As reported right here at the Nugget, Plaintiffs won the motions to dismiss in the McDonald’s (NYSE MCD) securities class action last September. So why are Plaintiffs still fighting to lift the PSLRA discovery stay? Actually, it turns out that even though Plaintiffs won, Judge Blanche M. Manning (N.D. Ill.) took the unusual step of ordering Plaintiffs to amend their complaint. Why? Because she “considered certain facts not alleged in the complaint but raised instead by plaintiffs' response to the motion to dismiss,” so she wanted them to include those facts in a revised complaint.
So here Plaintiffs are, six months later, trying to get Magistrate Judge Sidney I. Schenkier (N.D. Ill.) to lift the discovery stay. Judge Schenkier concluded “at bottom, plaintiffs' argument is that the stay should not apply because the current motion to dismiss is meritless -- a point they press vigorously in seeking to lift the stay. Certainly, plaintiffs' argument about the strength of the original motion to dismiss would not be a basis to lift the stay before the motion is decided -- and plaintiffs do not argue otherwise. Plaintiffs have not cited any authority to support the proposition that we may preview the outcome of a second motion to dismiss in deciding whether to lift the stay. Moreover, it is not our province to rule on the merits of defendants' second motion to dismiss, which is pending before the district judge; and we therefore express no view as to the outcome of that motion.”

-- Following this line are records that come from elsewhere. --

(* Let $\mathcal X\subset\mathbb{R}$ be nonempty, compact and convex with $\mathcal X\subseteq[0,\infty)$, let $X^a,X^b\in\mathbb{R}^{3\times n}$, $t^a,t^b\in\mathbb{R}^3$, $\epsilon_r>0$, and define the cable-driven control term $b(\theta,u)=u\sqrt{\|(X^a\theta+t^a)-(X^b\theta+t^b)\|^2+\epsilon_r}$ for $\theta\in\mathbb{R}^n$, $u\in\mathcal X$. Then for every $u\in\mathcal X$, $b(\cdot,u)$ is twice differentiable with locally Lipschitz second derivatives and is $L$-curvature bounded for a constant $L$ independent of $u\in\mathcal X$, and $\|\partial^2b/\partial\theta\partial u\|$ is uniformly bounded over $\theta\in\mathbb{R}^n$, $u\in\mathcal X$.
   Context: A function $\phi$ is $L$-curvature bounded if $\phi(x)+\frac L2\|x\|^2$ is convex and $\nabla\phi$ is $L$-Lipschitz. *)

theory Defs
  imports "HOL-Analysis.Analysis"
begin

definition cable_b ::
  "real^'n^3 \<Rightarrow> real^3 \<Rightarrow> real^'n^3 \<Rightarrow> real^3 \<Rightarrow> real \<Rightarrow> real^'n \<Rightarrow> real \<Rightarrow> real" where
  "cable_b Xa ta Xb tb er \<theta> u =
     u * sqrt ((norm ((Xa *v \<theta> + ta) - (Xb *v \<theta> + tb)))\<^sup>2 + er)"

definition twice_diff_loclip_hessian :: "('a::euclidean_space \<Rightarrow> real) \<Rightarrow> bool" where
  "twice_diff_loclip_hessian \<phi> \<longleftrightarrow>
     (\<exists>g H. (\<forall>x. (\<phi> has_derivative (\<lambda>h. g x \<bullet> h)) (at x)) \<and>
            (\<forall>x. (g has_derivative blinfun_apply (H x)) (at x)) \<and>
            (\<forall>x. \<exists>e>0. \<exists>K. lipschitz_on K (ball x e) H))"

definition curvature_bounded :: "real \<Rightarrow> ('a::euclidean_space \<Rightarrow> real) \<Rightarrow> bool" where
  "curvature_bounded L \<phi> \<longleftrightarrow>
     convex_on UNIV (\<lambda>x. \<phi> x + L / 2 * (norm x)\<^sup>2) \<and>
     (\<exists>g. (\<forall>x. (\<phi> has_derivative (\<lambda>h. g x \<bullet> h)) (at x)) \<and> lipschitz_on L UNIV g)"

end

theory Submission
  imports Defs
begin

text \<open>Writing \<open>D = Xa - Xb\<close> and \<open>c = ta - tb\<close>, the control term is
  \<open>b(\<theta>, u) = u w(D \<theta> + c)\<close> with the smoothed norm \<open>w(z) = sqrt(|z|\<^sup>2 + \<epsilon>) = |(z, sqrt \<epsilon>)|\<close>.
  As the norm of an affine map, \<open>w\<close> is convex, so \<open>u w(D \<theta> + c)\<close> is convex for \<open>u \<ge> 0\<close>.
  Its gradient \<open>v = z / w(z)\<close> has norm at most 1 and its Hessian is \<open>(I - v v\<^sup>T) / w\<close>;
  since \<open>w \<ge> sqrt \<epsilon>\<close>, both \<open>1 / w\<close> and \<open>v\<close> are bounded and globally Lipschitz, hence so are
  the gradient and the Hessian. Pulling back along \<open>\<theta> \<mapsto> D \<theta> + c\<close> and scaling by
  \<open>u \<le> max \<X>\<close> yields uniform constants, and the mixed derivative \<open>D\<^sup>T v\<close> is bounded by \<open>|D|\<close>.\<close>

lemma convex_on_norm_affine:
  assumes "linear f" "convex S"
  shows "convex_on S (\<lambda>x. norm (f x + c))"
proof (rule convex_onI)
  fix s :: real and x y assume s: "0 < s" "s < 1"
  have "f ((1 - s) *\<^sub>R x + s *\<^sub>R y) = (1 - s) *\<^sub>R f x + s *\<^sub>R f y"
    using assms(1) by (simp add: linear_add linear_scale)
  then have "f ((1 - s) *\<^sub>R x + s *\<^sub>R y) + c = (1 - s) *\<^sub>R (f x + c) + s *\<^sub>R (f y + c)"
    by (simp add: algebra_simps)
  also have "norm \<dots> \<le> (1 - s) * norm (f x + c) + s * norm (f y + c)"
    using norm_triangle_ineq[of "(1 - s) *\<^sub>R (f x + c)" "s *\<^sub>R (f y + c)"] s by simp
  finally show "norm (f ((1 - s) *\<^sub>R x + s *\<^sub>R y) + c)
      \<le> (1 - s) * norm (f x + c) + s * norm (f y + c)" .
qed fact

lemma convex_on_norm_power2: "convex_on S (\<lambda>x::'a::real_inner. (norm x)\<^sup>2)" if "convex S"
proof (rule convex_onI)
  fix s :: real and x y :: 'a assume "0 < s" "s < 1"
  have "(1 - s) * (norm x)\<^sup>2 + s * (norm y)\<^sup>2 - (norm ((1 - s) *\<^sub>R x + s *\<^sub>R y))\<^sup>2
      = s * (1 - s) * (norm (x - y))\<^sup>2"
    by (simp add: power2_norm_eq_inner inner_diff_left inner_diff_right inner_add_left
        inner_add_right inner_commute algebra_simps)
  moreover have "0 \<le> s * (1 - s) * (norm (x - y))\<^sup>2" using \<open>0 < s\<close> \<open>s < 1\<close> by simp
  ultimately show "(norm ((1 - s) *\<^sub>R x + s *\<^sub>R y))\<^sup>2 \<le> (1 - s) * (norm x)\<^sup>2 + s * (norm y)\<^sup>2"
    by linarith
qed fact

Result? The stay remains in place.
You can read Selbst V. McDonald’s, issued March 1, 2006, at 2006 U.S. Dist. LEXIS 8862.

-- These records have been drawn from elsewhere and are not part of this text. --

lemma unimodular_constant_or_norm_less_1:
  assumes holh: "h holomorphic_on ball 0 1" and hl: "\<forall>z\<in>ball 0 1. cmod (h z) \<le> 1"
  obtains c where "cmod c = 1" "\<forall>z\<in>ball 0 1. h z = c"
    | "\<forall>z\<in>ball 0 1. cmod (h z) < 1"
proof (cases "\<forall>z\<in>ball 0 1. cmod (h z) < 1")
  case False
  then obtain z0 where z0: "z0 \<in> ball 0 1" "cmod (h z0) = 1" using hl by force
  have "h constant_on ball 0 1"
  proof (rule Schwarz2[OF holh, of "1 - cmod z0" z0])
    show "0 < 1 - cmod z0" using z0 by simp
    show "ball z0 (1 - cmod z0) \<subseteq> ball 0 1" using z0 by (simp add: ball_subset_ball_iff)
    fix z assume "cmod (z0 - z) < 1 - cmod z0"
    then have "z \<in> ball 0 1" using norm_triangle_ineq2[of z z0] by (simp add: norm_minus_commute)
    then show "cmod (h z) \<le> cmod (h z0)" using hl z0 by auto
  qed
  then obtain c where "\<forall>z\<in>ball 0 1. h z = c" unfolding constant_on_def by blast
  with z0 that(1) show ?thesis by auto
qed (use that in blast)

text \<open>\<open>g\<close> is the Schur transform \<open>(h - a) / (z (1 - cnj a h))\<close> of \<open>h\<close>, where \<open>a = h 0\<close>.\<close>

lemma Schur_step:
  fixes h :: "complex \<Rightarrow> complex"
  assumes holh: "h holomorphic_on ball 0 1" and hl: "\<forall>z\<in>ball 0 1. cmod (h z) < 1"
  defines "H \<equiv> fps_expansion h 0" and "\<sigma> \<equiv> complex_of_real (1 - (cmod (h 0))\<^sup>2)"
  obtains g where "g holomorphic_on ball 0 1" "\<forall>z\<in>ball 0 1. cmod (g z) \<le> 1"
    "fps_nth H 1 = \<sigma> * g 0"
    "fps_nth H 2 = \<sigma> * fps_nth (fps_expansion g 0) 1 - cnj (h 0) * g 0 * fps_nth H 1"
proof -
  define a where "a = h 0"
  have a1: "cmod a < 1" using hl a_def by simp
  define k where "k = (\<lambda>z. Moebius_function 0 a (h z))"
  have "(Moebius_function 0 a \<circ> h) holomorphic_on ball 0 1"
    using hl by (intro holomorphic_on_compose_gen[OF holh Moebius_function_holomorphic[OF a1]]) auto
  then have holk: "k holomorphic_on ball 0 1" unfolding k_def o_def .
  have "k 0 = 0" unfolding k_def a_def by (simp add: Moebius_function_eq_zero)
  moreover have "\<forall>z\<in>ball 0 1. cmod (k z) < 1"
    unfolding k_def using hl a1 Moebius_function_norm_lt_1 by simp
  ultimately obtain g where holg: "g holomorphic_on ball 0 1"
    and kg: "\<forall>z\<in>ball 0 1. k z = z * g z" and gl: "\<forall>z\<in>ball 0 1. cmod (g z) \<le> 1"
    using Schwarz_factor[OF holk] by blast
  define G where "G = fps_expansion g 0"
  have hH: "h has_fps_expansion H"
    unfolding H_def by (rule has_fps_expansion_fps_expansion_ball[OF holh zero_less_one])
  have gG: "g has_fps_expansion G"
    unfolding G_def by (rule has_fps_expansion_fps_expansion_ball[OF holg zero_less_one])
  have "1 - cnj a * h z \<noteq> 0" if "z \<in> ball 0 1" for z
  proof -
    have "cmod a * cmod (h z) < 1 * 1"
      using a1 hl that by (intro mult_strict_mono') auto
    then have "cmod (cnj a * h z) < 1" by (simp add: norm_mult)
    then show ?thesis by (metis norm_one order_less_irrefl right_minus_eq)
  qed
  then have "\<forall>z\<in>ball 0 1. k z * (1 - cnj a * h z) = h z - a"
    unfolding k_def Moebius_function_simple by simp
  then have "\<forall>z\<in>ball 0 1. z * g z * (1 - cnj a * h z) = h z - a"
    using kg by simp
  then have eq: "fps_X * G * (1 - fps_const (cnj a) * H) = H - fps_const a"
    by (intro has_fps_expansion_eq_on_ball[of _ _ _ _ 1]) (auto intro!: fps_expansion_intros gG hH)
  have H0: "fps_nth H 0 = a" "fps_nth G 0 = g 0"
    using has_fps_expansion_imp_0_eq_fps_nth_0[OF hH] has_fps_expansion_imp_0_eq_fps_nth_0[OF gG] a_def
    by simp_all
  have "fps_nth (fps_X * G * (1 - fps_const (cnj a) * H)) n = fps_nth (H - fps_const a) n" for n
    by (simp only: eq)
  from this[of 1] this[of 2]
  have e1: "g 0 * (1 - cnj a * a) = fps_nth H 1"
    and e2: "fps_nth G 1 * (1 - cnj a * a) - g 0 * cnj a * fps_nth H 1 = fps_nth H 2"
    by (simp_all add: fps_mult_nth eval_nat_numeral H0 algebra_simps)
  have ca: "1 - cnj a * a = \<sigma>"
    unfolding \<sigma>_def a_def using complex_norm_square[of "h 0"] by (simp add: mult.commute)
  have "fps_nth H 1 = \<sigma> * g 0" "fps_nth H 2 = \<sigma> * fps_nth G 1 - cnj a * g 0 * fps_nth H 1"
    using e1 e2 unfolding ca by (simp_all add: mult.commute)
  then show ?thesis using that holg gl unfolding G_def a_def by blast
qed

Nugget: “The gist of plaintiffs' argument before this Court is that defendants' current motion to dismiss pending before the district judge is frivolous. However, we note that plaintiffs have not availed themselves of the procedural tools to raise that contention with the district judge: they have not sought sanctions on the ground that the motion to dismiss is being brought for an improper purpose or lacks a basis in law or fact, FED.R.CIV.P. 11(b), or that the motion "multiplies the proceedings in . . . [the] case unnecessarily and vexatiously.”